That underperformance compared to cities like Perth and Adelaide might sound like bad news. But for smart property investors, it’s created a rare chance to buy in before momentum really kicks in.
The turning point came after the February 2025 interest rate cut, when Melbourne unexpectedly led the country in price growth for the month. Auction clearance rates and buyer numbers have picked up since then. That’s a clear sign that confidence is returning. In fact, some in the industry have started calling it a “stealth boom” – a quiet resurgence where investors are moving early, before the headlines catch on.
What’s Driving the So-Called Stealth Boom?
Behind the scenes, there’s been a noticeable uptick in investor activity – especially from seasoned buyers with equity to play with. Pre-approvals have spiked, and many buyers are targeting inner and middle-ring suburbs while prices are still reasonably low.
So what’s behind this early investor push?
Rate cut momentum: The RBA is expected to drop even further in 2025. Lower rates mean better borrowing power, and that’s got investors circling.
Supply is tight: Building approvals are well below the 10-year average, and new dwelling completions are at decade lows. That shortage is already pushing rents up and making existing homes more valuable.
Confidence returning: Investors aren’t waiting for the media to catch on. Many are jumping in now, ahead of the next growth cycle.
What Else Is Driving Melbourne’s Property Market Right Now?
It’s not just falling interest rates that are driving the recovery. A few deeper fundamentals are making a difference:
1. Population is Booming
Victoria’s population grew by hundreds of thousands of people in the past year alone. With Melbourne expected to add millions more people by 2050, long-term demand for housing isn’t going anywhere.
2. Rents are Still Climbing
Rental demand is sky-high. Vacancy rates are at 1.7%, and over the past 12 months, rents in Melbourne have risen by more than 9% for both houses and units. That’s good news for investors chasing stronger yields.

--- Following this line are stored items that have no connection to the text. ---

(* Fix data $(x_i,y_i,z_i)_{i=1}^n$, $\lambda,\nu>0$, $m\in\mathbb N$ and feature maps $\phi_{x,m},\phi_{z,m}$; let $\Phi_f,\Phi_g,\mathcal L_{rf},\mathcal L_i$ be as in the context, with $\theta_0\sim\mathcal N(0,I)$, $\varphi_0\sim\mathcal N(0,\lambda\nu^{-1}I)$, $\tilde Y\sim\mathcal N(Y,\lambda I)$, and let $(\theta^*,\varphi^* )$ be the unique saddle point of $\mathcal L_{rf}$. Run projected SGDA: starting from $(\theta_0,\varphi_0)$, for $\ell\ge0$ draw $I_\ell$ uniformly from $[n]$ independently and set $\theta_{\ell+1}=\mathrm{Proj}_{B_f}(\theta_\ell-\eta_\ell\nabla_\theta\mathcal L_{I_\ell}(\theta_\ell,\varphi_\ell))$, $\varphi_{\ell+1}=\mathrm{Proj}_{B_g}(\varphi_\ell+\eta_\ell\nabla_\varphi\mathcal L_{I_\ell}(\theta_\ell,\varphi_\ell))$, with $\eta_\ell=\frac1{\mu(\ell+1)}$, $\mu=\min\{\lambda,\nu\}$, where $\mathrm{Proj}_B$ is Euclidean projection onto the ball of radius $B$. Then for any $\epsilon,\delta,B_1,B_2,B_3>0$ there exist $B_f,B_g>0$ and $L_0=O(\delta^{-1}\epsilon^{-2})$ such that for all $L\ge L_0$, $$\mathbb P\big(\{\|\theta_L-\theta^*\|_2>\epsilon\}\cap E_n\big)\le\delta,\qquad E_n:=\Big\{\|\theta_0\|_2+\|\varphi_0\|_2\le B_1,\ \|\tilde Y\|_2\le B_2,\ \sup_z\tilde k_{z,m}(z,z)+\sup_x\tilde k_{x,m}(x,x)\le B_3\Big\},$$ where the probability is over $\theta_0,\varphi_0,\tilde Y$ and the gradient noise.
   Context: $\Phi_f\in\mathbb R^{n\times m}$ has rows $m^{-1/2}\phi_{x,m}(x_i)^\top$, $\Phi_g\in\mathbb R^{n\times m}$ has rows $m^{-1/2}\phi_{z,m}(z_i)^\top$; $\tilde k_{x,m}(x,x')=\frac1m\phi_{x,m}(x)^\top\phi_{x,m}(x')$ and similarly $\tilde k_{z,m}$. $\mathcal L_{rf}(\theta,\varphi)=\theta^\top\Phi_f^\top\Phi_g\varphi-\tilde Y^\top\Phi_g\varphi-\frac12\varphi^\top\Phi_g^\top\Phi_g\varphi-\frac\nu2\|\varphi-\varphi_0\|_2^2+\frac\lambda2\|\theta-\theta_0\|_2^2$ (strongly convex in $\theta$, strongly concave in $\varphi$), and with $E_i=e_ie_i^\top$, $\mathcal L_i(\theta,\varphi)=n(\theta^\top\Phi_f^\top E_i\Phi_g\varphi-\tilde Y^\top E_i\Phi_g\varphi-\frac12\varphi^\top\Phi_g^\top E_i\Phi_g\varphi)-\frac\nu2\|\varphi-\varphi_0\|_2^2+\frac\lambda2\|\theta-\theta_0\|_2^2$, so that $\mathcal L_{rf}=\frac1n\sum_i\mathcal L_i$. *)

theory Defs
  imports "HOL-Analysis.Analysis" "HOL-Probability.Probability"
begin

definition feat_mat :: "('a \<Rightarrow> real^'m::finite) \<Rightarrow> ('n::finite \<Rightarrow> 'a) \<Rightarrow> real^'m^'n" where
  "feat_mat phi xs = (\<chi> i j. (phi (xs i)) $ j / sqrt (real CARD('m)))"

definition rf_kernel :: "('a \<Rightarrow> real^'m::finite) \<Rightarrow> 'a \<Rightarrow> 'a \<Rightarrow> real" where
  "rf_kernel phi x x' = (phi x \<bullet> phi x') / real CARD('m)"
lemma chronological_snoc:
  assumes "chronological f T T'" and "s @ [x] \<in> T"
  shows "f (s @ [x]) = f s @ [last (f (s @ [x]))]"
proof -
  have "length (f (s @ [x])) = Suc (length s)"
    using chronologicalD(2)[OF assms] by simp
  moreover have "take (length s) (f (s @ [x])) = f s"
    using chronologicalD(3)[OF assms, of "length s"] by simp
  ultimately show ?thesis by (rule snoc_last_if_take)
qed

lemma chronological_snoc_inj:
  assumes "chronological f T T'" and "inj_on f T" and "s @ [x] \<in> T" and "s @ [y] \<in> T"
    and "last (f (s @ [x])) = last (f (s @ [y]))"
  shows "x = y"
proof -
  have "f (s @ [x]) = f s @ [last (f (s @ [x]))]"
    using chronological_snoc[OF assms(1,3)] .
  also have "\<dots> = f (s @ [y])"
    using chronological_snoc[OF assms(1,4)] assms(5) by simp
  finally show ?thesis
    using inj_onD[OF assms(2) _ assms(3,4)] by simp
qed

lemma chronological_image_take:
  assumes "game_tree TA" and "chronological g TA TB" and "u \<in> g ` TA"
  shows "take k u \<in> g ` TA"
proof -
  obtain a where a: "a \<in> TA" and u: "u = g a" using assms(3) by blast
  then have "take k u = g (take k a)" using chronologicalD(3)[OF assms(2) a] by simp
  then show ?thesis using game_tree_take[OF assms(1) a] by simp
qed

lemma chronological_comp_the_inv_into:
  assumes "game_tree TA" and "chronological g TA TB" and "inj_on g TA"
    and "chronological f TA T'"
  shows "chronological (\<lambda>u. f (the_inv_into TA g u)) (g ` TA) T'"
  unfolding chronological_def
proof (intro ballI conjI allI impI)
  fix u assume "u \<in> g ` TA"
  then obtain a where a: "a \<in> TA" and u: "u = g a" by blast
  have inv: "the_inv_into TA g (g b) = b" if "b \<in> TA" for b
    using the_inv_into_f_f[OF assms(3) that] .
  show "f (the_inv_into TA g u) \<in> T'" and "length (f (the_inv_into TA g u)) = length u"
    using chronologicalD[OF assms(4) a] chronologicalD[OF assms(2) a] inv[OF a] u by simp_all
  fix k
  have "take k u = g (take k a)"
    using chronologicalD(3)[OF assms(2) a] u by simp
  then have "the_inv_into TA g (take k u) = take k a"
    using inv game_tree_take[OF assms(1) a] by simp
  then show "f (the_inv_into TA g (take k u)) = take k (f (the_inv_into TA g u))"
    using chronologicalD(3)[OF assms(4) a] inv[OF a] u by simp
qed

lemma inj_on_comp_the_inv_into:
  assumes "inj_on g TA" and "inj_on f TA"
  shows "inj_on (\<lambda>u. f (the_inv_into TA g u)) (g ` TA)"
proof (rule inj_onI)
  fix u u' assume "u \<in> g ` TA" and "u' \<in> g ` TA"
    and eq: "f (the_inv_into TA g u) = f (the_inv_into TA g u')"
  then obtain a a' where a: "a \<in> TA" "u = g a" and a': "a' \<in> TA" "u' = g a'" by blast
  then have "f a = f a'" using eq the_inv_into_f_f[OF assms(1)] by simp
  then show "u = u'" using inj_onD[OF assms(2) _ a(1) a'(1)] a a' by simp
qed

lemma run_map_eq_last:
  assumes "chronological f T T'" and "R \<in> runs T"
  shows "run_map f R n = last (f (map R [0..<Suc n]))"
proof -
  have "map R [0..<Suc n] \<in> T" using assms(2) unfolding runs_def by blast
  then have "length (f (map R [0..<Suc n])) = Suc n"
    using chronologicalD(2)[OF assms(1)] by (simp del: upt_Suc)
  then show ?thesis
    unfolding run_map_def by (rule last_eq_nth[symmetric])
qed

lemma run_map_eqI:
  assumes "\<And>n. f (map R [0..<n]) = map R' [0..<n]"
  shows "run_map f R = R'"
  unfolding run_map_def by (simp add: assms del: upt_Suc)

3. Finance is Flowing Again
After a sluggish period, housing finance in Victoria has bounced back especially compared to other markets. In August last year, total finance commitments hit $86.2 billion, which was 13% above the 10-year average. It was a clear sign that buyers were re-entering the market, and the momentum has continued, with lenders now far more willing to say yes.

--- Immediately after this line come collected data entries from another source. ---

definition SEP :: "nat \<Rightarrow> nat \<Rightarrow> (nat \<times> nat \<Rightarrow> nat \<times> nat \<Rightarrow> complex) set" where
  "SEP dA dB = {\<xi>. \<exists>(m::nat) (p::nat \<Rightarrow> real) \<rho>A \<rho>B.
      (\<forall>k<m. 0 \<le> p k \<and> state_on {..<dA} (\<rho>A k) \<and> state_on {..<dB} (\<rho>B k)) \<and>
      (\<Sum>k<m. p k) = 1 \<and>
      \<xi> = (\<lambda>x y. \<Sum>k<m. complex_of_real (p k) * kron (\<rho>A k) (\<rho>B k) x y)}"

definition l1_norm :: "'i set \<Rightarrow> ('i \<Rightarrow> 'i \<Rightarrow> complex) \<Rightarrow> real" where
  "l1_norm S M = (\<Sum>x\<in>S. \<Sum>y\<in>S. cmod (M x y))"

end

theory Submission
  imports Defs
begin

text \<open>Write \<open>\<tau> = max_corr n t\<close>; then \<open>\<sigma>\<close> is its dephasing, and \<open>\<tau> - \<sigma>\<close> consists of the
  coherences \<open>t i j\<close> (\<open>i \<noteq> j\<close>) at the entries \<open>((i,i),(j,j))\<close>. For any \<open>\<xi>\<close>, the distance
  \<open>\<parallel>\<tau> - \<xi>\<parallel>\<close> is at least the sum over \<open>i \<noteq> j\<close> of \<open>|t i j - \<xi> (i,i) (j,j)| + |\<xi> (i,j) (i,j)|\<close>,
  because \<open>\<tau>\<close> vanishes at \<open>((i,j),(i,j))\<close>. If \<open>\<xi>\<close> is PPT, the \<open>2 \<times> 2\<close> principal minor of its
  partial transpose at \<open>(i,j), (j,i)\<close> bounds the coherence \<open>|\<xi> (i,i) (j,j)|\<close> by the mean of the
  populations \<open>\<xi> (i,j) (i,j)\<close> and \<open>\<xi> (j,i) (j,i)\<close>; if \<open>\<xi>\<close> is separable, the same bound follows
  termwise from the \<open>2 \<times> 2\<close> minors of the product factors and AM-GM. Summing this bound
  symmetrically over \<open>i \<noteq> j\<close> and using the triangle inequality gives \<open>\<parallel>\<tau> - \<xi>\<parallel> \<ge> \<parallel>\<tau> - \<sigma>\<parallel>\<close>,
  while \<open>\<sigma>\<close> is diagonal, hence both separable and PPT.\<close>

lemma quadratic_form_restrict:
  fixes M :: "'i \<Rightarrow> 'i \<Rightarrow> complex"
  assumes "finite S" "T \<subseteq> S" "\<And>x. x \<notin> T \<Longrightarrow> v x = 0"
  shows "(\<Sum>x\<in>S. \<Sum>y\<in>S. cnj (v x) * M x y * v y) = (\<Sum>x\<in>T. \<Sum>y\<in>T. cnj (v x) * M x y * v y)"
  using assms by (intro sum.mono_neutral_cong_right) (auto intro!: sum.mono_neutral_right)

lemma psd_on_diag:
  assumes "psd_on S M" "finite S" "x \<in> S"
  shows "Im (M x x) = 0" "0 \<le> Re (M x x)"
proof -
  have "M x x = cnj (M x x)" using assms(1,3) unfolding psd_on_def hermitian_on_def by blast
  then show "Im (M x x) = 0" by (simp add: complex_eq_iff)
  define v where "v = (\<lambda>z. if z = x then 1 else 0 :: complex)"
  have "(\<Sum>a\<in>S. \<Sum>b\<in>S. cnj (v a) * M a b * v b) = M x x"
    using quadratic_form_restrict[OF assms(2), of "{x}" v M] assms(3) by (simp add: v_def)
  moreover have "0 \<le> Re (\<Sum>a\<in>S. \<Sum>b\<in>S. cnj (v a) * M a b * v b)"
    using assms(1) unfolding psd_on_def by blast
  ultimately show "0 \<le> Re (M x x)" by simp
qed

lemma psd_on_two_point_bound:
  fixes \<alpha> \<beta> :: real
  assumes "psd_on S M" "finite S" "x \<in> S" "y \<in> S" "x \<noteq> y"
  shows "2 * \<alpha> * \<beta> * cmod (M x y) \<le> \<alpha>\<^sup>2 * Re (M x x) + \<beta>\<^sup>2 * Re (M y y)"
proof -
  define m where "m = M x y"
  define c where "c = (if m = 0 then 1 else cnj m / complex_of_real (cmod m))"
  \<comment> \<open>the phase making \<open>m * c\<close> real; test the form at \<open>\<alpha> e\<^sub>x - \<beta> c e\<^sub>y\<close>\<close>
  have phase: "m * c = cmod m" "cnj c * c = 1"
    using complex_norm_square[of m] by (auto simp: c_def power2_eq_square field_simps)
  have herm: "M y x = cnj m"
    using assms(1,3,4) unfolding psd_on_def hermitian_on_def m_def by blast
  define v where "v = (\<lambda>z. if z = x then complex_of_real \<alpha> else if z = y then - \<beta> * c else 0)"
  have "(\<Sum>a\<in>S. \<Sum>b\<in>S. cnj (v a) * M a b * v b) = (\<Sum>a\<in>{x, y}. \<Sum>b\<in>{x, y}. cnj (v a) * M a b * v b)"
    using assms(2-4) by (intro quadratic_form_restrict) (auto simp: v_def)
  also have "\<dots> = \<alpha>\<^sup>2 * M x x - \<alpha> * \<beta> * (m * c + cnj (m * c)) + \<beta>\<^sup>2 * (cnj c * c) * M y y"
    using assms(5) by (simp add: v_def herm m_def[symmetric] power2_eq_square algebra_simps)
  finally have "(\<Sum>a\<in>S. \<Sum>b\<in>S. cnj (v a) * M a b * v b)
      = \<alpha>\<^sup>2 * M x x - 2 * \<alpha> * \<beta> * cmod m + \<beta>\<^sup>2 * M y y"
    unfolding phase by simp
  moreover have "0 \<le> Re (\<Sum>a\<in>S. \<Sum>b\<in>S. cnj (v a) * M a b * v b)"
    using assms(1) unfolding psd_on_def by blast
  ultimately show ?thesis unfolding m_def by simp
qed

Melbourne Property Prices by Suburb: Where the Growth Is Happening
Melbourne’s market isn’t rising evenly across the board – but some suburbs are already pulling ahead. From luxury postcodes to first homebuyer territory, price movements are giving us clues about what’s next.
Premium Suburbs (>$2M median)
Melbourne’s high-end postcodes have remained surprisingly resilient. Suburbs like Toorak, Canterbury, Balwyn, and South Yarra continue to attract deep-pocketed buyers chasing lifestyle, prestige, and scarcity.

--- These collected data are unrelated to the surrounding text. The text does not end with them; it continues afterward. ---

(* Let $G$ be a connected (finite, simple) graph, $\mathcal{F}$ a maximum induced forest of $G$, $S=V(G)\setminus V(\mathcal{F})$, $H$ the contracted graph, and $B$ a skeleton of $H$ with the maximum possible number of 2-edges among all skeletons (all as defined in the context). Let $L_S$ be the set of vertices of $S$ that are leaves of $B$ and $B_1=B[V(B)\setminus L_S]$. Then for each 1-edge $\overrightarrow{uv}$ of $B_1$ (directed from $u$ to its parent $v$), either $u$ is a tree vertex, or some child $u'$ of $u$ in $B_1$ is a tree vertex and $u'u$ is a 2-edge.
   Context: A maximum induced forest of $G$ is an induced forest of $G$ with the maximum number of vertices. Let $\mathcal{T}$ be the set of connected components (trees) of $\mathcal{F}$ and $S=V(G)\setminus V(\mathcal{F})$. The graph $H$ has vertex set $\{x_T : T\in\mathcal{T}\}\cup S$ (the $x_T$ are called tree vertices, the vertices of $S$ non-tree vertices) and edge set consisting of all edges of $G[S]$ together with all pairs $ux_T$ with $u\in S$, $T\in\mathcal{T}$ such that $u$ has at least one neighbor in $V(T)$ in $G$. An edge $ux_T$ of $H$ is a 2-edge if $u$ has at least two neighbors in $V(T)$ in $G$; all other edges of $H$ (including all edges with both endpoints in $S$) are 1-edges. A skeleton is a spanning tree of $H$ rooted at some tree vertex, with all edges directed towards the root (an in-arborescence). The parent of a non-root vertex is its unique out-neighbor; its children are its in-neighbors. *)

theory Defs
  imports Main
begin

definition sgraph :: "'a set \<Rightarrow> ('a \<Rightarrow> 'a \<Rightarrow> bool) \<Rightarrow> bool" where
  "sgraph V E \<longleftrightarrow> finite V \<and> (\<forall>x y. E x y \<longrightarrow> x \<in> V \<and> y \<in> V)
     \<and> (\<forall>x y. E x y \<longrightarrow> E y x) \<and> (\<forall>x. \<not> E x x)"

definition restr :: "('a \<Rightarrow> 'a \<Rightarrow> bool) \<Rightarrow> 'a set \<Rightarrow> 'a \<Rightarrow> 'a \<Rightarrow> bool" where
  "restr E X = (\<lambda>x y. x \<in> X \<and> y \<in> X \<and> E x y)"

definition connected_graph :: "'a set \<Rightarrow> ('a \<Rightarrow> 'a \<Rightarrow> bool) \<Rightarrow> bool" where
  "connected_graph V E \<longleftrightarrow> V \<noteq> {} \<and> (\<forall>x\<in>V. \<forall>y\<in>V. (restr E V)\<^sup>*\<^sup>* x y)"

definition is_cycle :: "('a \<Rightarrow> 'a \<Rightarrow> bool) \<Rightarrow> 'a list \<Rightarrow> bool" where
  "is_cycle E xs \<longleftrightarrow> 3 \<le> length xs \<and> distinct xs
     \<and> (\<forall>i. Suc i < length xs \<longrightarrow> E (xs ! i) (xs ! Suc i)) \<and> E (last xs) (hd xs)"

definition induced_forest :: "'a set \<Rightarrow> ('a \<Rightarrow> 'a \<Rightarrow> bool) \<Rightarrow> 'a set \<Rightarrow> bool" where
  "induced_forest V E F \<longleftrightarrow> F \<subseteq> V \<and> \<not> (\<exists>xs. set xs \<subseteq> F \<and> is_cycle E xs)"

definition max_induced_forest :: "'a set \<Rightarrow> ('a \<Rightarrow> 'a \<Rightarrow> bool) \<Rightarrow> 'a set \<Rightarrow> bool" where
  "max_induced_forest V E F \<longleftrightarrow> induced_forest V E F
     \<and> (\<forall>F'. induced_forest V E F' \<longrightarrow> card F' \<le> card F)"

definition components :: "('a \<Rightarrow> 'a \<Rightarrow> bool) \<Rightarrow> 'a set \<Rightarrow> 'a set set" where
  "components E F = {{y. (restr E F)\<^sup>*\<^sup>* x y} | x. x \<in> F}"

text \<open>Contracted graph H: tree vertices are Inl T (T a component), non-tree vertices Inr u (u in S).\<close>
definition H_verts :: "'a set \<Rightarrow> ('a \<Rightarrow> 'a \<Rightarrow> bool) \<Rightarrow> 'a set \<Rightarrow> ('a set + 'a) set" where
  "H_verts V E F = Inl ` components E F \<union> Inr ` (V - F)"

definition H_adj :: "'a set \<Rightarrow> ('a \<Rightarrow> 'a \<Rightarrow> bool) \<Rightarrow> 'a set \<Rightarrow> ('a set + 'a) \<Rightarrow> ('a set + 'a) \<Rightarrow> bool" where
  "H_adj V E F a b = (case (a, b) of
      (Inr u, Inr w) \<Rightarrow> u \<in> V - F \<and> w \<in> V - F \<and> E u w
    | (Inr u, Inl T) \<Rightarrow> u \<in> V - F \<and> T \<in> components E F \<and> (\<exists>t\<in>T. E u t)
    | (Inl T, Inr u) \<Rightarrow> u \<in> V - F \<and> T \<in> components E F \<and> (\<exists>t\<in>T. E u t)
    | (Inl _, Inl _) \<Rightarrow> False)"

These areas tend to hold their value better during downturns – and often lead the rebound. When the market shifts, they’re usually the first to move.
Mid-Range Suburbs ($800K – $2M)
If you’re looking for long-term upside, Melbourne’s mid-tier market is where the action is heating up. Suburbs like Richmond, Fitzroy, Carlton, and St Kilda continue to attract strong demand thanks to their mix of lifestyle, location, and character housing. Yes, they’re pricier than the outer-ring suburbs – but they’re also far more likely to hold value when times get tough.
Further out, middle-ring suburbs like Mitcham, Bentleigh, Glen Waverley, and Reservoir are also gathering steam – helped along by big infrastructure projects like the Metro Tunnel and ongoing gentrification.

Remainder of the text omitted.